• _Exercise description_
Search the entries below for "height". Report each line where it occurs.

Data extract below:

lemma Kgrade_le_amalg_ext:
  assumes I: "ideal I A"
    and H: "\<And>xs. set xs \<subseteq> I \<Longrightarrow> Kgrade_gens A xs A_mod \<le> Kgrade A (Idl\<^bsub>A\<^esub> (set xs)) J_mod"
  shows "Kgrade A I A_mod \<le> Kgrade AJ (amalg_ext A B f J I) AJ_mod"
  unfolding Kgrade_def[of A I]
proof (rule SUP_least)
  have I_A: "I \<subseteq> carrier A" using ideal.Icarr[OF I] by blast
  fix xs assume "xs \<in> {xs. set xs \<subseteq> I}"
  then have xs_I: "set xs \<subseteq> I" and xs_A: "set xs \<subseteq> carrier A" using I_A by auto
  show "Kgrade_gens A xs A_mod \<le> Kgrade AJ (amalg_ext A B f J I) AJ_mod"
  proof (rule enat_le_if_all_nat_le)
    fix n assume n: "enat n \<le> Kgrade_gens A xs A_mod"
    have "\<exists>v. set v \<subseteq> Idl\<^bsub>A\<^esub> (set xs) \<and> enat n \<le> Kgrade_gens A v J_mod"
    proof (cases n)
      case 0
      then show ?thesis by (intro exI[of _ "[]"]) (simp add: zero_enat_def[symmetric])
    next
      case (Suc m)
      then have "enat m < Kgrade_gens A xs A_mod" using n Suc_ile_eq[of m "Kgrade_gens A xs A_mod"] by simp
      also have "\<dots> \<le> Kgrade A (Idl\<^bsub>A\<^esub> (set xs)) J_mod" by (rule H[OF xs_I])
      finally obtain v where "set v \<subseteq> Idl\<^bsub>A\<^esub> (set xs)" "enat m < Kgrade_gens A v J_mod"
        by (auto simp: Kgrade_def less_SUP_iff)
      then show ?thesis using Suc Suc_ile_eq[of m "Kgrade_gens A v J_mod"] by auto
    qed
    then obtain v where v: "set v \<subseteq> Idl\<^bsub>A\<^esub> (set xs)" "enat n \<le> Kgrade_gens A v J_mod" by blast
    have v_I: "set v \<subseteq> I" using v(1) R.genideal_minimal[OF I xs_I] by blast
    then have v_A: "set v \<subseteq> carrier A" using I_A by blast
    have "enat n \<le> Kgrade_gens A (xs @ v) A_mod"
      using n module.Kgrade_gens_le_append_right[OF module_self_module[OF R.is_cring] xs_A v_A] by simp
    moreover have "enat n \<le> Kgrade_gens A (xs @ v) J_mod"
      using v(2) module.Kgrade_gens_le_append_left[OF module_J_mod xs_A v_A] by simp
    ultimately have "enat n \<le> Kgrade_gens AJ (map \<iota> (xs @ v)) AJ_mod"
      using Kgrade_gens_amalg[of "xs @ v"] xs_A v_A by simp
    also have "\<dots> \<le> Kgrade AJ (amalg_ext A B f J I) AJ_mod"
      unfolding Kgrade_def by (rule SUP_upper) (use iota_image_subset_amalg_ext[OF I_A] xs_I v_I in auto)
    finally show "enat n \<le> Kgrade AJ (amalg_ext A B f J I) AJ_mod" .
  qed
qed

text \<open>The argument only uses that the class \<open>C\<close> consists of ideals and contains the
  ideals generated by finite lists, so both parts of the theorem are instances.\<close>

lemma Kgrade_amalg_ext_eq:
  assumes C_ideal: "\<And>I. C I \<Longrightarrow> ideal I A"
    and C_genideal: "\<And>xs. set xs \<subseteq> carrier A \<Longrightarrow> C (Idl\<^bsub>A\<^esub> (set xs))"
  shows "CM_in_sense A C \<and> (\<forall>I. C I \<longrightarrow> Kgrade A I J_mod \<ge> height A I)
    \<longrightarrow> (\<forall>I. C I \<longrightarrow> Kgrade AJ (amalg_ext A B f J I) AJ_mod = Kgrade A I A_mod
                   \<and> Kgrade A I A_mod \<le> Kgrade A I J_mod)"
proof (intro impI allI)
  fix I assume hyp: "CM_in_sense A C \<and> (\<forall>I. C I \<longrightarrow> Kgrade A I J_mod \<ge> height A I)" and CI: "C I"
  have ht: "height A I' = Kgrade A I' A_mod" "height A I' \<le> Kgrade A I' J_mod" if "C I'" for I'
    using that hyp by (auto simp: CM_in_sense_def)
  have I: "ideal I A" by (rule C_ideal[OF CI])
  then have I_A: "I \<subseteq> carrier A" using ideal.Icarr[OF I] by blast
  have "Kgrade_gens A xs A_mod \<le> Kgrade A (Idl\<^bsub>A\<^esub> (set xs)) J_mod" if "set xs \<subseteq> I" for xs
  proof -
    have xs_A: "set xs \<subseteq> carrier A" using that I_A by blast
    have "Kgrade_gens A xs A_mod \<le> Kgrade A (Idl\<^bsub>A\<^esub> (set xs)) A_mod"
      unfolding Kgrade_def by (rule SUP_upper) (use R.genideal_self[OF xs_A] in simp)
    then show ?thesis using ht[OF C_genideal[OF xs_A]] by simp
  qed
  then have "Kgrade A I A_mod \<le> Kgrade AJ (amalg_ext A B f J I) AJ_mod" by (rule Kgrade_le_amalg_ext[OF I])
  with Kgrade_amalg_ext_le[OF I_A] have "Kgrade AJ (amalg_ext A B f J I) AJ_mod = Kgrade A I A_mod"
    by (rule antisym)
  moreover have "Kgrade A I A_mod \<le> Kgrade A I J_mod" using ht[OF CI] by simp
  ultimately show "Kgrade AJ (amalg_ext A B f J I) AJ_mod = Kgrade A I A_mod \<and> Kgrade A I A_mod \<le> Kgrade A I J_mod"
    by simp
qed

end

theorem lemma3p2:
  fixes A :: "('a, 'c) ring_scheme" and B :: "('b, 'd) ring_scheme"
    and f :: "'a \<Rightarrow> 'b" and J :: "'b set"
  assumes "cring A" and "cring B" and "f \<in> ring_hom A B" and "ideal J B"
  shows
   "(CM_in_sense A (\<lambda>I. ideal I A) \<and>
     (\<forall>I. ideal I A \<longrightarrow> Kgrade A I (ideal_module_via A B f J) \<ge> height A I)
     \<longrightarrow> (\<forall>I. ideal I A \<longrightarrow>
           Kgrade (amalgamation A B f J) (amalg_ext A B f J I) (self_module (amalgamation A B f J))
             = Kgrade A I (self_module A)
         \<and> Kgrade A I (self_module A) \<le> Kgrade A I (ideal_module_via A B f J)))
  \<and> (CM_in_sense A (finitely_generated_ideal A) \<and>
     (\<forall>I. finitely_generated_ideal A I \<longrightarrow> Kgrade A I (ideal_module_via A B f J) \<ge> height A I)
     \<longrightarrow> (\<forall>I. finitely_generated_ideal A I \<longrightarrow>
           Kgrade (amalgamation A B f J) (amalg_ext A B f J I) (self_module (amalgamation A B f J))
             = Kgrade A I (self_module A)
         \<and> Kgrade A I (self_module A) \<le> Kgrade A I (ideal_module_via A B f J)))"
proof -
  interpret amalg A B f J
    by (intro amalg.intro ring_hom_cring.intro ring_hom_cring_axioms.intro amalg_axioms.intro assms)
  have fg: "finitely_generated_ideal A (Idl\<^bsub>A\<^esub> (set xs))" if "set xs \<subseteq> carrier A" for xs
    unfolding finitely_generated_ideal_def using R.genideal_ideal[OF that] that by blast
  have fg_ideal: "ideal I A" if "finitely_generated_ideal A I" for I
    using that by (simp add: finitely_generated_ideal_def)
  have ideals: "ideal I A \<Longrightarrow> ideal I A" for I .
  show ?thesis
    using Kgrade_amalg_ext_eq[of "\<lambda>I. ideal I A", OF ideals R.genideal_ideal]
      Kgrade_amalg_ext_eq[of "finitely_generated_ideal A", OF fg_ideal fg]
    by (rule conjI)
qed

end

End of Data extract.

• _Result of the exercise_
  shows "CM_in_sense A C \<and> (\<forall>I. C I \<longrightarrow> Kgrade A I J_mod \<ge> height A I)
  fix I assume hyp: "CM_in_sense A C \<and> (\<forall>I. C I \<longrightarrow> Kgrade A I J_mod \<ge> height A I)" and CI: "C I"
  have ht: "height A I' = Kgrade A I' A_mod" "height A I' \<le> Kgrade A I' J_mod" if "C I'" for I'
     (\<forall>I. ideal I A \<longrightarrow> Kgrade A I (ideal_module_via A B f J) \<ge> height A I)
     (\<forall>I. finitely_generated_ideal A I \<longrightarrow> Kgrade A I (ideal_module_via A B f J) \<ge> height A I)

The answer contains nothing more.